─── Extracted material
text \<open>Every objective is a sum over users of a function of that user's own coordinate, and
  every feasible set is convex (a box, intersected with half-spaces in the coupled case), so
  convexity reduces to one real variable per user. In \<open>y\<close> and \<open>z\<close> the delay and energy
  terms are affine, and the accuracy is concave, since \<open>g_edge\<close> is a concave quadratic.
  In \<open>f\<close> every term has the form \<open>k / f + d\<close> with \<open>k \<ge> 0\<close>. In \<open>b\<close> the terms are
  \<open>k / r(b)\<close>, where \<open>r(b) = a b ln (1 + c / b)\<close> is the perspective of the concave function
  \<open>ln (1 + x)\<close>; it is therefore concave and positive, and its reciprocal is convex.\<close>

lemma convex_on_cong:
  assumes "convex_on S f" "\<And>x. x \<in> S \<Longrightarrow> g x = f x"
  shows "convex_on S g"
  using assms unfolding convex_on_def convex_def by simp

lemma convex_on_sum_functions:
  assumes "finite I" "convex S" "\<And>i. i \<in> I \<Longrightarrow> convex_on S (f i)"
  shows "convex_on S (\<lambda>x. \<Sum>i\<in>I. f i x)"
  using assms by (induction I rule: finite_induct) (auto simp: convex_on_const)

lemma convex_on_vec_nth:
  fixes A :: "(real^'n) set"
  assumes "convex A" "convex_on S g" "\<And>v. v \<in> A \<Longrightarrow> v$i \<in> S"
  shows "convex_on A (\<lambda>v. g (v$i))"
proof (rule convex_onI)
  fix t :: real and x y assume "0 < t" "t < 1" "x \<in> A" "y \<in> A"
  then show "g (((1 - t) *\<^sub>R x + t *\<^sub>R y) $ i) \<le> (1 - t) * g (x$i) + t * g (y$i)"
    using convex_onD[OF assms(2)] assms(3) by simp
qed fact

lemma convex_on_sum_vec_nth:
  fixes A :: "(real^'n) set"
  assumes "convex A" "\<And>i. convex_on S (g i)" "\<And>v i. v \<in> A \<Longrightarrow> v$i \<in> S"
  shows "convex_on A (\<lambda>v. \<Sum>i\<in>UNIV. g i (v$i))"
  using assms by (intro convex_on_sum_functions convex_on_vec_nth) auto

definition affine_fun :: "(real \<Rightarrow> real) \<Rightarrow> bool" where
  "affine_fun h \<longleftrightarrow> (\<forall>x y t. h ((1 - t) * x + t * y) = (1 - t) * h x + t * h y)"

lemma affine_fun_const: "affine_fun (\<lambda>x. c)"
  unfolding affine_fun_def by (simp add: algebra_simps)

lemma affine_fun_ident: "affine_fun (\<lambda>x. x)"
  unfolding affine_fun_def by simp

lemma affine_fun_add: "affine_fun f \<Longrightarrow> affine_fun g \<Longrightarrow> affine_fun (\<lambda>x. f x + g x)"
  unfolding affine_fun_def by (simp add: distrib_left)

lemma affine_fun_diff: "affine_fun f \<Longrightarrow> affine_fun g \<Longrightarrow> affine_fun (\<lambda>x. f x - g x)"
  unfolding affine_fun_def by (simp add: right_diff_distrib)

lemma affine_fun_cmult:
  assumes "affine_fun f"
  shows "affine_fun (\<lambda>x. c * f x)"
  unfolding affine_fun_def
proof (intro allI)
  fix x y t :: real
  have "f ((1 - t) * x + t * y) = (1 - t) * f x + t * f y"
    using assms unfolding affine_fun_def by blast
  then show "c * f ((1 - t) * x + t * y) = (1 - t) * (c * f x) + t * (c * f y)"
    by (simp only:) (simp add: algebra_simps)
qed

lemma affine_fun_multc: "affine_fun f \<Longrightarrow> affine_fun (\<lambda>x. f x * c)"
  using affine_fun_cmult[of f c] by (simp add: mult.commute)

lemma affine_fun_divide: "affine_fun f \<Longrightarrow> affine_fun (\<lambda>x. f x / c)"
  unfolding affine_fun_def by (simp add: add_divide_distrib)

lemma affine_fun_sum: "(\<And>i. affine_fun (f i)) \<Longrightarrow> affine_fun (\<lambda>x. \<Sum>i\<in>I. f i x)"
  unfolding affine_fun_def by (simp add: sum_distrib_left sum.distrib)

lemmas affine_fun_intros =
  affine_fun_const affine_fun_ident affine_fun_add affine_fun_diff
  affine_fun_cmult affine_fun_multc affine_fun_divide affine_fun_sum

lemma convex_on_affine_fun_compose:
  assumes "convex_on S f" "affine_fun h" "convex T" "h ` T \<subseteq> S"
  shows "convex_on T (\<lambda>x. f (h x))"
proof (rule convex_onI)
  fix t :: real and x y assume "0 < t" "t < 1" "x \<in> T" "y \<in> T"
  moreover have "h ((1 - t) * x + t * y) = (1 - t) * h x + t * h y"
    using assms(2) unfolding affine_fun_def by blast
  ultimately show "f (h ((1 - t) *\<^sub>R x + t *\<^sub>R y)) \<le> (1 - t) * f (h x) + t * f (h y)"
    using convex_onD[OF assms(1), of t "h x" "h y"] assms(4) by auto
qed fact

lemma concave_on_affine_fun_compose:
  assumes "concave_on S f" "affine_fun h" "convex T" "h ` T \<subseteq> S"
  shows "concave_on T (\<lambda>x. f (h x))"
  using assms unfolding concave_on_def by (rule convex_on_affine_fun_compose)

lemma affine_fun_imp_convex_on:
  assumes "affine_fun h" "convex S"
  shows "convex_on S h"
  using convex_on_affine_fun_compose[OF convex_on_ident[THEN iffD2, OF convex_UNIV] assms]
  by simp

lemma concave_on_perspective:
  fixes f :: "real \<Rightarrow> real"
  assumes f: "concave_on S f" and c: "\<And>x. 0 < x \<Longrightarrow> c / x \<in> S"
  shows "concave_on {0<..} (\<lambda>x. x * f (c / x))"
proof (rule concave_on_linorderI)
  fix t x y :: real
  assume t: "0 < t" "t < 1" and x: "x \<in> {0<..}" and y: "y \<in> {0<..}"
  define w where "w = (1 - t) * x + t * y"
  have w: "0 < w"
    using t x y unfolding w_def by (simp add: add_pos_pos)
  define \<beta> where "\<beta> = t * y / w"
  have \<beta>: "0 \<le> \<beta>" "\<beta> \<le> 1" "1 - \<beta> = (1 - t) * x / w"
    using t x y w unfolding \<beta>_def w_def by (auto simp: field_simps)
  have "c / w = (1 - \<beta>) * (c / x) + \<beta> * (c / y)"
    using x y w unfolding \<beta>(3) \<beta>_def by (simp add: field_simps) (simp add: w_def algebra_simps)
  then have jensen: "(1 - \<beta>) * f (c / x) + \<beta> * f (c / y) \<le> f (c / w)"
    using concave_onD[OF f \<beta>(1,2) c c] x y by simp
  have w\<beta>: "w * (1 - \<beta>) = (1 - t) * x" "w * \<beta> = t * y"
    using w by (simp add: \<beta>(3), simp add: \<beta>_def)
  have "(1 - t) * (x * f (c / x)) + t * (y * f (c / y))
      = w * ((1 - \<beta>) * f (c / x) + \<beta> * f (c / y))"
    by (simp add: distrib_left flip: w\<beta> mult.assoc)
  also have "\<dots> \<le> w * f (c / w)"
    using jensen w by simp
  finally have "(1 - t) * (x * f (c / x)) + t * (y * f (c / y)) \<le> w * f (c / w)" .
  then show "(1 - t) * (x * f (c / x)) + t * (y * f (c / y))
      \<le> ((1 - t) *\<^sub>R x + t *\<^sub>R y) * f (c / ((1 - t) *\<^sub>R x + t *\<^sub>R y))"
    by (simp add: w_def)
qed simp

lemma concave_on_mult_ln_one_plus_divide:
  assumes "0 \<le> c"
  shows "concave_on {0<..} (\<lambda>x::real. x * ln (1 + c / x))"
proof (rule concave_on_perspective)
  show "concave_on {0..} (\<lambda>x::real. ln (1 + x))"
    by (rule concave_on_affine_fun_compose[OF ln_concave]) (auto intro: affine_fun_intros)
qed (use assms in simp)

lemma convex_on_inverse_concave:
  fixes g :: "real \<Rightarrow> real"
  assumes g: "concave_on S g" and pos: "\<And>x. x \<in> S \<Longrightarrow> 0 < g x"
  shows "convex_on S (\<lambda>x. inverse (g x))"
proof (rule convex_onI)
  fix t x y :: real
  assume t: "0 < t" "t < 1" and xy: "x \<in> S" "y \<in> S"
  have mean_pos: "0 < (1 - t) * g x + t * g y"
    using t pos[OF xy(1)] pos[OF xy(2)] by (simp add: add_pos_pos)
  have "inverse (g ((1 - t) *\<^sub>R x + t *\<^sub>R y)) \<le> inverse ((1 - t) * g x + t * g y)"
    using concave_onD[OF g _ _ xy, of t] t mean_pos by (simp add: le_imp_inverse_le)
  also have "\<dots> \<le> (1 - t) * inverse (g x) + t * inverse (g y)"
    using convex_onD[OF convex_on_inverse[of "{0<..}"], of t "g x" "g y"]
      t pos[OF xy(1)] pos[OF xy(2)] by simp
  finally show "inverse (g ((1 - t) *\<^sub>R x + t *\<^sub>R y)) \<le> (1 - t) * inverse (g x) + t * inverse (g y)" .
qed (rule concave_on_imp_convex[OF g])

lemma convex_on_const_divide:
  fixes c :: real
  assumes "0 \<le> c"
  shows "convex_on {0<..} (\<lambda>x. c / x)"
  unfolding divide_inverse using assms by (intro convex_on_cmul convex_on_inverse) auto

lemma convex_on_divide_mult_ln:
  fixes k a c :: real
  assumes "0 \<le> k" "0 \<le> a" "0 \<le> c"
  shows "convex_on {0<..} (\<lambda>x. k / (a * (x * ln (1 + c / x))))"
proof (cases "a = 0 \<or> c = 0")
  case True
  \<comment> \<open>the denominator vanishes, so the function is constantly \<open>0\<close>\<close>
  then show ?thesis
    by (intro convex_on_cong[OF convex_on_const[THEN iffD2]]) auto
next
  case False
  with assms have a: "0 < a" and c: "0 < c" by auto
  have "convex_on {0<..} (\<lambda>x. (k / a) * inverse (x * ln (1 + c / x)))"
    using assms a c
    by (intro convex_on_cmul convex_on_inverse_concave concave_on_mult_ln_one_plus_divide)
       (auto intro!: mult_pos_pos ln_gt_zero)
  then show ?thesis
    by (rule convex_on_cong) (simp add: divide_inverse mult_ac)
qed

lemma feas_unit_eq: "feas_unit = {v. \<forall>i. v$i \<in> {0..1}}"
  by (simp add: feas_unit_def)

lemma convex_feas_unit: "convex feas_unit"
  unfolding feas_unit_eq by (rule convex_box_cart) (simp only: Collect_mem_eq convex_real_interval)

lemma feas_coupled_eq:
  "feas_coupled P = {v. \<forall>i. v$i \<in> {0<..1}} \<inter> (\<Inter>m. {v. (\<chi> i. sa P i m) \<bullet> v \<le> 1})"
  by (auto simp: feas_coupled_def inner_vec_def)

lemma convex_feas_coupled: "convex (feas_coupled P)"
  unfolding feas_coupled_eq
  by (intro convex_Int convex_box_cart convex_INT convex_halfspace_le)
     (simp only: Collect_mem_eq convex_real_interval)

lemma standingD:
  assumes "standing P"
  shows "0 \<le> sH P i" "0 \<le> sE P" "0 \<le> sV P" "0 \<le> sa P i m" "0 \<le> sx P i"
    "0 < sD P i" "0 < sS P i" "0 < slam P i" "0 < sp P i"
    "0 < sCm P m" "0 < sFm P m" "0 < srhom P m" "0 < sB P m" "0 < sN0 P" "0 < sfK P i"
  using assms unfolding standing_def by (auto, metis order.refl zero_le_one)

lemma rate_eq_mult_ln:
  assumes "standing P"
  obtains a c where "0 \<le> a" "0 \<le> c" "\<And>b. rate P b i m = a * (b * ln (1 + c / b))"
proof
  show "rate P b i m = (sa P i m * sB P m) *
      (b * ln (1 + sdist P i m powr stheta P * sp P i * (cmod (sh P i m))\<^sup>2 / (sN0 P * sB P m) / b))"
    for b by (simp add: rate_def mult_ac)
qed (use assms in \<open>auto simp: standingD less_imp_le intro!: mult_nonneg_nonneg divide_nonneg_pos\<close>)

lemma convex_on_divide_rate:
  assumes "standing P" "0 \<le> k"
  shows "convex_on {0<..} (\<lambda>b. k / rate P b i m)"
proof -
  obtain a c where "0 \<le> a" "0 \<le> c" and rate: "\<And>b. rate P b i m = a * (b * ln (1 + c / b))"
    using rate_eq_mult_ln[OF assms(1), where i = i and m = m] by blast
  show ?thesis
    unfolding rate using assms(2) \<open>0 \<le> a\<close> \<open>0 \<le> c\<close> by (rule convex_on_divide_mult_ln)
qed

text \<open>No case split on \<open>sa P i m\<close> is needed: when it is \<open>0\<close> the rate is \<open>0\<close> too, and the
  convention that delay and energy then vanish coincides with \<open>x / 0 = 0\<close>.\<close>

lemma Tul_eq: "Tul P y b i m = y * sS P i / rate P b i m"
  by (simp add: Tul_def rate_def)

lemma Eul_eq: "Eul P y b i m = sp P i * (y * sS P i) / rate P b i m"
  by (simp add: Eul_def Tul_def rate_def)

lemma Tofld_eq: "Tofld P b i m = slam P i / rate P b i m"
  by (simp add: Tofld_def rate_def)

lemma Eofld_eq: "Eofld P b i m = sp P i * slam P i / rate P b i m"
  by (simp add: Eofld_def Tofld_def rate_def)

lemma Tud_eq: "Tud P y f i m = sa P i m * y * sS P i * sCm P m / sFm P m / f"
  by (simp add: Tud_def mult.commute)

lemma Tpl_eq: "Tpl P fK i m = sa P i m * sx P i * sD P i * sCm P m / sFm P m / fK"
  by (simp add: Tpl_def mult.commute)

lemma Eud_eq: "0 < sFm P m \<Longrightarrow> 0 < f \<Longrightarrow>
    Eud P y f i m = srhom P m * (sFm P m)\<^sup>2 * sa P i m * y * sS P i * sCm P m"
  by (simp add: Eud_def Tud_def power2_eq_square power3_eq_cube)

lemma Epl_eq: "0 < sFm P m \<Longrightarrow> 0 < fK \<Longrightarrow>
    Epl P fK i m = srhom P m * (sFm P m)\<^sup>2 * sa P i m * sx P i * sD P i * sCm P m"
  by (simp add: Epl_def Tpl_def power2_eq_square power3_eq_cube)

lemma Texec_eq: "Texec P z f i =
    (\<Sum>m\<in>UNIV. sa P i m * z * slam P i * sCm P m / sFm P m / f) + (1 - z) * (slam P i * sCi P i / sFi P i)"
  by (simp add: Texec_def mult.commute mult.left_commute)

lemma concave_on_g_edge: "concave_on UNIV (g_edge P i)"
proof -
  have "convex_on UNIV (\<lambda>d. (1 - d / (sD P i + sS P i))\<^sup>2)"
    by (rule convex_on_affine_fun_compose[OF convex_power2]) (auto intro!: affine_fun_intros)
  then show ?thesis
    unfolding g_edge_def[abs_def] by (intro concave_on_diff concave_on_const[THEN iffD2]) auto
qed

lemma concave_on_acc:
  assumes "0 \<le> z"
  shows "concave_on UNIV (\<lambda>y. acc P y z i)"
  unfolding acc_def using assms
  by (intro concave_on_add concave_on_const[THEN iffD2] concave_on_cmul
      concave_on_affine_fun_compose[OF concave_on_g_edge]) (auto intro!: affine_fun_intros)

definition user_obj51 ::
    "('i::finite, 'm::finite) dt_sys \<Rightarrow> real^'i \<Rightarrow> real^'i \<Rightarrow> real^'i \<Rightarrow> 'i \<Rightarrow> real \<Rightarrow> real" where
  "user_obj51 P b f z i y =
     sH P i * z$i * (\<Sum>m\<in>UNIV. Tul P y (b$i) i m + Tud P y (f$i) i m)
     + sE P * (\<Sum>m\<in>UNIV. z$i * (Eul P y (b$i) i m + Eud P y (f$i) i m))
     - sV P * acc P y (z$i) i"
──────
▶ _Problem to solve_
In the material above, find every line that has the string "forall" and pull those lines out.

▶ _Response below_
  "affine_fun h \<longleftrightarrow> (\<forall>x y t. h ((1 - t) * x + t * y) = (1 - t) * h x + t * h y)"
lemma feas_unit_eq: "feas_unit = {v. \<forall>i. v$i \<in> {0..1}}"
  "feas_coupled P = {v. \<forall>i. v$i \<in> {0<..1}} \<inter> (\<Inter>m. {v. (\<chi> i. sa P i m) \<bullet> v \<le> 1})"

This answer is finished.